(* Let $H$ be a Hilbert space with orthonormal system $\{e_m\}_{m\ge1}$. For $n\in\mathbb N$ let $k_n:=[\sqrt n]$ and let $g_p(n)$, $p=1,\dots,2^{k_n}$, be the vertices of the unit cube in $\operatorname{span}\{e_{2(n+1)},\dots,e_{2(n+k_n)}\}$, i.e. all vectors $\sum_{j=1}^{k_n}a_je_{2(n+j)}$ with $a_j\in\{0,1\}$. Let $\gamma>0$ and let $(\varepsilon_n)$ be positive numbers with $ce^{-\gamma n^2}\le\varepsilon_n\le Ce^{-\gamma n^2}$ for some constants $0<c\le C$. Let $\mathcal B\subset H$ be a compact set such that $\varepsilon_ng_p(n)\in\mathcal B$ for all $n\ge n_0$ (some $n_0$) and all $p=1,\dots,2^{k_n}$. Then the log-doubling factor of $\mathcal B$ is infinite, i.e. $\dim_{Log-D}(\mathcal B)=\infty$.
   Context: For a compact metric space $X$ and $B\subset X$, $N_\varepsilon(B,X)$ is the minimal number of $\varepsilon$-balls of $X$ covering $B$; $D_\varepsilon(X):=\sup_{x\in X}N_{\varepsilon/2}(B(\varepsilon,x),X)$ where $B(r,x)$ is the ball of radius $r$ in $X$ centered at $x$; and $\dim_{Log-D}(X):=\limsup_{\varepsilon\to0}\frac{\log D_\varepsilon(X)}{\log\log(1/\varepsilon)}$. *)

theory Defs
  imports "HOL-Analysis.Analysis"
begin

text \<open>N_eps(B,X): minimal number of eps-balls of X (centres in X, open balls taken in X)
  covering B; infinity if no finite cover exists.\<close>
definition cov_num :: "real \<Rightarrow> 'a::metric_space set \<Rightarrow> 'a set \<Rightarrow> ereal" where
  "cov_num \<epsilon> B X = Inf {ereal (real (card C)) | C. finite C \<and> C \<subseteq> X \<and>
       B \<subseteq> (\<Union>c\<in>C. ball c \<epsilon> \<inter> X)}"

definition doubling_D :: "real \<Rightarrow> 'a::metric_space set \<Rightarrow> ereal" where
  "doubling_D \<epsilon> X = (SUP x\<in>X. cov_num (\<epsilon>/2) (ball x \<epsilon> \<inter> X) X)"

text \<open>Log-doubling dimension: limsup as eps -> 0+ of log D_eps(X) / log log (1/eps).
  For compact X, D_eps(X) is finite, so the real logarithm is applied to its real value.\<close>
definition dim_LogD :: "'a::metric_space set \<Rightarrow> ereal" where
  "dim_LogD X = Limsup (at_right 0)
     (\<lambda>\<epsilon>. ereal (ln (real_of_ereal (doubling_D \<epsilon> X)) / ln (ln (1 / \<epsilon>))))"

definition kn :: "nat \<Rightarrow> nat" where
  "kn n = nat \<lfloor>sqrt (real n)\<rfloor>"

definition cube_vertices :: "(nat \<Rightarrow> 'a::real_vector) \<Rightarrow> nat \<Rightarrow> 'a set" where
  "cube_vertices e n = {(\<Sum>j=1..kn n. a j *\<^sub>R e (2 * (n + j))) | a. \<forall>j. a j \<in> {0, 1}}"

end

theory Submission
  imports Defs "HOL-Real_Asymp.Real_Asymp"
begin

text \<open>Fix t and put x = eps(N^2) * sqrt(2t+1). Since k(N^2) = N, the scaled cube vertices
  eps(N^2) g_S, for S a subset of {1..N}, are at distance eps(N^2) sqrt |S symdiff S'| from each
  other. For a packing of 2t-subsets of {1..N} with pairwise intersections of size less than t, the
  corresponding vertices lie in the x-ball around the vertex of the empty set and are pairwise more
  than x apart, so no x/2-ball contains two of them and D_x(B) is at least the size of the packing.
  A maximal packing has at least (N/2t)^t / C(2t,t)^2 blocks, hence log D_x >= t log N - O_t(1),
  whereas x >= c exp(-gamma N^4) gives log log (1/x) <= 5 log N. So the ratio defining the
  log-doubling dimension is at least (t-1)/5 along a sequence of scales tending to 0.\<close>

lemma power2_norm_sum_orthonormal:
  fixes u :: "'i \<Rightarrow> 'a::real_inner"
  assumes "finite I"
    and orth: "\<And>i j. i \<in> I \<Longrightarrow> j \<in> I \<Longrightarrow> inner (u i) (u j) = (if i = j then 1 else 0)"
  shows "(norm (\<Sum>i\<in>I. f i *\<^sub>R u i))\<^sup>2 = (\<Sum>i\<in>I. (f i)\<^sup>2)"
proof -
  have "(norm (\<Sum>i\<in>I. f i *\<^sub>R u i))\<^sup>2 = (\<Sum>i\<in>I. \<Sum>j\<in>I. f i * f j * inner (u j) (u i))"
    unfolding power2_norm_eq_inner inner_sum_left inner_sum_right inner_scaleR_left inner_scaleR_right
    by (intro sum.cong refl) (simp add: sum_distrib_left mult.assoc mult.left_commute)
  also have "\<dots> = (\<Sum>i\<in>I. \<Sum>j\<in>I. if i = j then f i * f j else 0)"
    using orth by (intro sum.cong refl) auto
  also have "\<dots> = (\<Sum>i\<in>I. (f i)\<^sup>2)"
    using \<open>finite I\<close> by (simp add: power2_eq_square)
  finally show ?thesis .
qed

definition cube_vertex :: "(nat \<Rightarrow> 'a::real_vector) \<Rightarrow> nat \<Rightarrow> nat set \<Rightarrow> 'a" where
  "cube_vertex e n S = (\<Sum>j=1..kn n. of_bool (j \<in> S) *\<^sub>R e (2 * (n + j)))"

lemma cube_vertex_in_cube_vertices: "cube_vertex e n S \<in> cube_vertices e n"
  unfolding cube_vertices_def cube_vertex_def by (rule CollectI, rule exI[of _ "\<lambda>j. of_bool (j \<in> S)"]) auto

lemma power2_dist_cube_vertex:
  fixes e :: "nat \<Rightarrow> 'a::real_inner"
  assumes orth: "\<forall>m\<ge>1. \<forall>l\<ge>1. inner (e m) (e l) = (if m = l then 1 else 0)"
    and "S \<subseteq> {1..kn n}" "S' \<subseteq> {1..kn n}"
  shows "(dist (cube_vertex e n S) (cube_vertex e n S'))\<^sup>2 = real (card (sym_diff S S'))"
proof -
  have diff: "cube_vertex e n S - cube_vertex e n S'
      = (\<Sum>j=1..kn n. (of_bool (j \<in> S) - of_bool (j \<in> S')) *\<^sub>R e (2 * (n + j)))"
    unfolding cube_vertex_def by (simp add: sum_subtractf scaleR_left_diff_distrib)
  have "(dist (cube_vertex e n S) (cube_vertex e n S'))\<^sup>2
      = (\<Sum>j=1..kn n. (of_bool (j \<in> S) - of_bool (j \<in> S'))\<^sup>2)"
    unfolding dist_norm diff by (rule power2_norm_sum_orthonormal) (use orth in auto)
  also have "\<dots> = (\<Sum>j=1..kn n. of_bool (j \<in> sym_diff S S'))"
    by (intro sum.cong refl) auto
  also have "\<dots> = real (card (sym_diff S S'))"
    by (subst sum_of_bool_eq) (use assms(2,3) in \<open>auto intro!: arg_cong[where f = card]\<close>)
  finally show ?thesis .
qed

:::::

**WORK INSTRUCTIONS:** If a line in the material above holds "dimension", copy it.

**EXERCISE RESULT:**
text \<open>Log-doubling dimension: limsup as eps -> 0+ of log D_eps(X) / log log (1/eps).
  log-doubling dimension is at least (t-1)/5 along a sequence of scales tending to 0.\<close>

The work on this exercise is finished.